Usual dynamic warm up

135x10

185x10

225x5

275x3

315x3

365x1

405x1

455x3 (5lb PR)

Fatigue Drop 10% 3x3

410x3

410x3

410x3

Block Pulls (low blocks) 3x1 (Rogue DL bar)

585x1

600x1 (PR)

600x1 (PR)

Bulgarian Split Squats 5x7

BW 5x10


I had to bounce back from last weeks shenanigans with something strong so I came in and hit some PRs today. ~10 weeks out

 
ChrisLindsay9

ChrisLindsay9

MuscleHead
Jun 17, 2013
2,773
1,144
Grats on the 3-rep PR, man. Taking 90% of your 1RM for a triple is pretty badass.
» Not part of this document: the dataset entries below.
(* Let $M=\frac32-\sqrt2$. For real $f_1,f_2,f_3,y_1,y_2,y_3$ put $$\hat A=(1-f_1)(1-y_1)+(1-f_2)(1-y_2)+2(1-f_3)(1-y_3),\qquad \hat F_1=\frac{(1-f_1)(1-y_1)}{\hat A},$$ $$P_1=\frac{y_1(\frac12-y_1)}{1-y_1}-\frac{4Mf_2}{1-f_1},\quad P_2=(1-f_2)\,y_2(\tfrac12-y_2)+4Mf_1(1-y_2),\quad P_3=2(1-f_3)\,y_3(\tfrac12-y_3)+8M(f_1+f_2)(1-y_3),$$ and $$\hat\alpha(f_1,f_2,f_3,y_1,y_2,y_3)=\frac{1}{(\frac12-\hat F_1)\hat A}\Bigl(\hat A(1-\hat F_1)P_1+P_2+P_3\Bigr).$$ Then for all $f_1,f_2,f_3,y_1,y_2,y_3\in[0,\frac12]$ satisfying $f_1+f_2+2f_3=1$, $6f_1+f_2-1<0$, $4f_1+f_2-\frac34<0$, $\frac1{13}\le f_1\le\frac12$ and $0\le f_2,f_3\le\frac12$, we have $\hat\alpha(f_1,f_2,f_3,y_1,y_2,y_3)\le\frac{9163}{10000}$.
   Context: In the paper's notation, with $\Phi(x)=\frac{1}{x(\frac12-x)}$, one has $y(\frac12-y)=1/\Phi(y)$ and $\frac{1}{(\frac12-\hat F_1)\hat A}=\frac{\Phi(\hat F_1)\hat F_1}{\hat A}$. Under the hypotheses $0<\hat F_1<\frac12$. *)

theory Defs
  imports Complex_Main
begin

definition M22 :: real where "M22 = 3/2 - sqrt 2"

definition Ahat :: "real \<Rightarrow> real \<Rightarrow> real \<Rightarrow> real \<Rightarrow> real \<Rightarrow> real \<Rightarrow> real" where
  "Ahat f1 f2 f3 y1 y2 y3 = (1-f1)*(1-y1) + (1-f2)*(1-y2) + 2*(1-f3)*(1-y3)"

definition F1hat :: "real \<Rightarrow> real \<Rightarrow> real \<Rightarrow> real \<Rightarrow> real \<Rightarrow> real \<Rightarrow> real" where
  "F1hat f1 f2 f3 y1 y2 y3 = (1-f1)*(1-y1) / Ahat f1 f2 f3 y1 y2 y3"

definition P1 :: "real \<Rightarrow> real \<Rightarrow> real \<Rightarrow> real" where
  "P1 f1 f2 y1 = y1*(1/2 - y1)/(1-y1) - 4*M22*f2/(1-f1)"

definition P2 :: "real \<Rightarrow> real \<Rightarrow> real \<Rightarrow> real" where
  "P2 f1 f2 y2 = (1-f2)*y2*(1/2 - y2) + 4*M22*f1*(1-y2)"

definition P3 :: "real \<Rightarrow> real \<Rightarrow> real \<Rightarrow> real \<Rightarrow> real" where
  "P3 f1 f2 f3 y3 = 2*(1-f3)*y3*(1/2 - y3) + 8*M22*(f1+f2)*(1-y3)"

definition alphahat :: "real \<Rightarrow> real \<Rightarrow> real \<Rightarrow> real \<Rightarrow> real \<Rightarrow> real \<Rightarrow> real" where
  "alphahat f1 f2 f3 y1 y2 y3 =
     (let A = Ahat f1 f2 f3 y1 y2 y3; F = F1hat f1 f2 f3 y1 y2 y3 in
      (1 / ((1/2 - F) * A)) * (A*(1-F)*P1 f1 f2 y1 + P2 f1 f2 y2 + P3 f1 f2 f3 y3))"

end

theory Submission
  imports Defs
begin

text \<open>
  With \<open>c = 9163/10000\<close>, the statement reads \<open>2N \<le> c D\<close> for an explicit numerator \<open>N\<close>
  and denominator \<open>D > 0\<close>. In \<open>N - (c/2) D\<close> the variables \<open>y\<^sub>2, y\<^sub>3\<close> occur only in
  terms \<open>(1 - y) b + y (1/2 - y)\<close>, which are maximised over \<open>y\<close> in closed form; this leaves a
  quadratic in \<open>r = P\<^sub>1 + 3/2 - c/2\<close> that only decreases when \<open>f\<^sub>2\<close> grows, so \<open>f\<^sub>2 = 0\<close>
  is the worst case. After replacing \<open>M = 3/2 - \<surd>2\<close> by the rational bound \<open>0.0858\<close> and
  clearing denominators, what remains is a polynomial inequality in \<open>f\<^sub>1 \<in> [1/13, 1/6]\<close> and
  \<open>y\<^sub>1 \<in> [0, 1/2]\<close>. That polynomial is cubic in \<open>f\<^sub>1\<close>, and its difference from the chord
  over \<open>[1/13, 1/6]\<close> factors as \<open>(f\<^sub>1 - 1/13)(f\<^sub>1 - 1/6) q\<close> with \<open>q \<ge> 0\<close>. The sign of
  \<open>q\<close>, the two endpoint values and the elimination of \<open>f\<^sub>2\<close> are certified by sums of squares.
\<close>

lemma M22_bounds: "0 \<le> M22" "M22 \<le> 858/10000"
proof -
  have "sqrt 2 < 3/2" by (rule real_less_lsqrt) (auto simp: power2_eq_square)
  then show "0 \<le> M22" unfolding M22_def by simp
  have "14142/10000 \<le> sqrt 2" by (rule real_le_rsqrt) (simp add: power2_eq_square)
  then show "M22 \<le> 858/10000" unfolding M22_def by simp
qed

lemma affine_plus_parabola_le:
  fixes y b :: real
  shows "(1-y)*b + y*(1/2-y) \<le> ((b + 3/2)^2 - 2)/4"
proof -
  have "((b + 3/2)^2 - 2)/4 - ((1-y)*b + y*(1/2-y)) = (y + b/2 - 1/4)^2"
    by (simp add: field_simps power2_eq_square)
  then show ?thesis by (metis diff_ge_0_iff_ge zero_le_power2)
qed

definition final_poly :: "real \<Rightarrow> real \<Rightarrow> real" where
  "final_poly a y =
     (2+a)*(1+a)*(y*(1/2-y) + 20837/20000*(1-y))^2
     + 24*(858/10000)*a*(y*(1/2-y) + 20837/20000*(1-y))*(1-y)*(1+a)
     + 16*(858/10000)^2*a^2*(5+a)*(1-y)^2
     + (-2*(2+a) + 2*(9163/10000)*(1-a)*(1-y))*(1-y)^2*(1+a)"

definition final_poly_chord_quotient :: "real \<Rightarrow> real \<Rightarrow> real" where
  "final_poly_chord_quotient a y =
     16*(858/10000)^2*(1-y)^2*(a + 1/13 + 1/6)
     + (y*(1/2-y) + 20837/20000*(1-y))^2
     + 24*(858/10000)*(y*(1/2-y) + 20837/20000*(1-y))*(1-y)
     + 80*(858/10000)^2*(1-y)^2 - (2 + 2*(9163/10000)*(1-y))*(1-y)^2"

lemma final_poly_chord:
  "final_poly a y =
     78/7*((1/6-a)*final_poly (1/13) y + (a-1/13)*final_poly (1/6) y)
     + (a-1/13)*(a-1/6)*final_poly_chord_quotient a y"
  unfolding final_poly_def final_poly_chord_quotient_def by algebra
Especially for us 3xBW squatters. :D
 
_3M_

_3M_

VIP Member
Aug 10, 2015
558
278
Deadlift

Warmed up with the usual, iron crosses, mountain climbers, hip circle then did some single leg, leg extensions. Hip issue is flaring up again, and I realized its my TFL, its super tight and just causing me a shit ton of pain in my IT band and hip so I have been doing some stretches for that and using the lax ball to help loosen it up a bit.

Deadlift 15x2

135x10

185x5

225x5

275x3

315x3

365x1

405x1

455 15x2 (~30 secs rest in between sets) I was dying afterwards


Double paused bench

225 1x5

250 4x5

Paused Deadlift 1x5

405x5

Fatigue Drop 10% 2-4x5

365x5

365x5

I was dying after todays workout.
 
_3M_

_3M_

VIP Member
Aug 10, 2015
558
278
Also benched the other day and I was pretty disappointed at how it went, Did 300 for 5x5 TnG, my left shoulder and pec have been feeling a bit tight. I think it has something to do with my rotator cuff, so I have been doing some rehab stuff for that which I think has already started to make a difference. On IG i follow this page called the prehab guys and they have alot of videos of rehab exercises and whatnot. I found a really good dynamic warmup for my shoulder on there that I have been doing every training session, so hopefully my bench starts to catch back up. I feel like I havent been the same since I hit 325x3 paused about a month or 2 ago, it fcking sucks but I am not letting myself get discouraged.
 
ChrisLindsay9

ChrisLindsay9

MuscleHead
Jun 17, 2013
2,773
1,144
Just a fyi, I thought I had a rotator issue in my shoulder that sidelined my bench. But it now appears that it was some bicep tendonitis near the delt and after several days of rolling it, the shoulder and arm is feeling a lot better. Just wanted to let you know just in case it can save you from missing some bench training.

Nice pulls!
 
_3M_

_3M_

VIP Member
Aug 10, 2015
558
278
Just a fyi, I thought I had a rotator issue in my shoulder that sidelined my bench. But it now appears that it was some bicep tendonitis near the delt and after several days of rolling it, the shoulder and arm is feeling a lot better. Just wanted to let you know just in case it can save you from missing some bench training.

Nice pulls!

Thanks Chris, although I dont think thats the issue. My pec, rear and side delt, and trap, and lats are all really tender when using the Lax ball but no pain in my bicep/brachioradialis. I need to go get a deep tissue massage lol
 
_3M_

_3M_

VIP Member
Aug 10, 2015
558
278
Meet Prep
Bully Yoga Apex Week 3

Squat 15x2

135x10

185x10

225x5

275x3

325 15x2 ~30 sec rest in betwen sets.

Block Pulls 3x1 (low blocks)

615x3 PR

615x3 PR

615x3 PR


Squats felt good, I kept it pretty light and undershot my rpe I think it was probably an rpe 7 on the last set. My hip is finally starting to feel better, my gf showed me a good TFL stretch that I've been doing almost every day along with alot of foam rolling. I had a huge knot at my tfl, almost a lax ball sized knot and thats not even an exaggeration. The stretching and foam rolling has been loosening it up, so my squats will hopefully start to feel more natural. I was watching a video the other day and I noticed that I have been putting alot of my weight on my right leg when squatting to compensate for the my left leg/hip being fucked up. So Im really hoping that If I can get my left side healthy my squat will skyrocket since Ill be able to squat exerting equal force on both legs.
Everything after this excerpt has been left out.